# 12v Ipod Docking Station



## dave-rsvr (Aug 8, 2010)

hi does anybody know where i can get 12 volt ipod docking station from
thanks
Dave


----------



## Satfreakuk (Jun 14, 2011)

just an idea!

How about a gear4 (supermarkets have them on offer or buy online)
the streetparty 4 works on battery or comes with a small mains power supply but i am sure its possible to get a 12V adapter to drop the voltage to the required level.

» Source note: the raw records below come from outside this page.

(* Let $x_->x_+>0$ be real numbers and $\omega>0$. On $\mathbb{C}^4$ with orthonormal basis $\{|0\rangle,|1\rangle,|2\rangle,|3\rangle\}$ define the Hermitian operators $$X\coloneqq (x_--x_+)(|1\rangle\langle 2|+|2\rangle\langle 1|)+\sqrt{x_+x_-}\,(|0\rangle\langle 1|+|1\rangle\langle 0|+|2\rangle\langle 3|+|3\rangle\langle 2|),$$ $$Y\coloneqq -i(x_--x_+)(|1\rangle\langle 2|-|2\rangle\langle 1|)-i\sqrt{x_+x_-}\,(|0\rangle\langle 1|-|1\rangle\langle 0|+|2\rangle\langle 3|-|3\rangle\langle 2|),$$ and the Hamiltonian $H\coloneqq\omega\sum_{n=0}^3 n\,|n\rangle\langle n|$, with $X(t)\coloneqq e^{iHt}Xe^{-iHt}$, $Y(t)\coloneqq e^{iHt}Ye^{-iHt}$. Then: (i) the spectrum of $X$ is $\{-x_-,-x_+,x_+,x_-\}$; (ii) for all $t$, $X(t)=\cos(\omega t)X+\sin(\omega t)Y$ and $Y(t)=\cos(\omega t)Y-\sin(\omega t)X$; (iii) with $t_k\coloneqq 2\pi k/(3\omega)$ and $|\psi\rangle\coloneqq(|0\rangle-|3\rangle)/\sqrt2$, $$\frac13\sum_{k=0}^2\langle\psi|\Theta(X(t_k))|\psi\rangle=\big(1+x_+/x_-\big)^{-1}.$$
   Context: For a Hermitian operator $A$ on a finite-dimensional Hilbert space, $\Theta(A)$ denotes the spectral function of $A$ with $\Theta(a)=1$ for $a>0$, $\Theta(a)=0$ for $a<0$, $\Theta(0)=1/2$; i.e. the projector onto the positive-eigenvalue eigenspace plus one half the projector onto the kernel. *)

theory Defs
  imports "HOL-Analysis.Analysis" "HOL-Library.Numeral_Type"
begin

type_synonym cmat4 = "complex ^ 4 ^ 4"
type_synonym cvec4 = "complex ^ 4"

definition ket :: "4 \<Rightarrow> cvec4" where
  "ket a = (\<chi> i. if i = a then 1 else 0)"

definition ketbra :: "4 \<Rightarrow> 4 \<Rightarrow> cmat4" where
  "ketbra a b = (\<chi> i j. if i = a \<and> j = b then 1 else 0)"

definition cscale :: "complex \<Rightarrow> cmat4 \<Rightarrow> cmat4" where
  "cscale c M = (\<chi> i j. c * M $ i $ j)"

definition madj :: "cmat4 \<Rightarrow> cmat4" where
  "madj M = (\<chi> i j. cnj (M $ j $ i))"

primrec mpow :: "cmat4 \<Rightarrow> nat \<Rightarrow> cmat4" where
  "mpow A 0 = mat 1"
| "mpow A (Suc n) = A ** mpow A n"

definition mexp :: "cmat4 \<Rightarrow> cmat4" where
  "mexp A = (\<Sum>k. (1 / fact k) *\<^sub>R mpow A k)"

definition spectrum :: "cmat4 \<Rightarrow> complex set" where
  "spectrum A = {l. \<exists>v. v \<noteq> 0 \<and> A *v v = l *s v}"

definition eigenspace :: "cmat4 \<Rightarrow> complex \<Rightarrow> cvec4 set" where
  "eigenspace A l = {v. A *v v = l *s v}"

definition proj :: "cvec4 set \<Rightarrow> cmat4" where
  "proj S = (THE P. P ** P = P \<and> madj P = P \<and> range (\<lambda>v. P *v v) = S)"

definition Theta :: "cmat4 \<Rightarrow> cmat4" where
  "Theta A = proj (span (\<Union>l\<in>{l \<in> spectrum A. Im l = 0 \<and> Re l > 0}. eigenspace A l))
             + cscale (1/2) (proj {v. A *v v = 0})"

definition expval :: "cvec4 \<Rightarrow> cmat4 \<Rightarrow> complex" where
  "expval psi M = (\<Sum>i\<in>UNIV. cnj (psi $ i) * (M *v psi) $ i)"

definition Xop :: "real \<Rightarrow> real \<Rightarrow> cmat4" where
  "Xop xm xp = cscale (complex_of_real (xm - xp)) (ketbra 1 2 + ketbra 2 1)
              + cscale (complex_of_real (sqrt (xp * xm)))
                  (ketbra 0 1 + ketbra 1 0 + ketbra 2 3 + ketbra 3 2)"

Unless there is a 12v one!


----------



## SaddleTramp (Feb 15, 2007)

dave-rsvr said:


> hi does anybody know where i can get 12 volt ipod docking station from
> thanks
> Dave


Yes <<Here>>


----------



## GerryD (Sep 20, 2007)

In Currys, look for the Logik LOGMI4004. It has a nominal voltage input of 13.4V, but will run comfortably down to 10.6V. I have had one for 3 years.
iPod Dock, FM/AM radio, Dual Alarm, Clock Radio, remote control and compact.
Price, last time I looked £24.99.
Gerry


----------



## dave-rsvr (Aug 8, 2010)

to both the above thanks
do you just cut the plug off and put 12v one on then ?
sorry if question sounds stupid lol


----------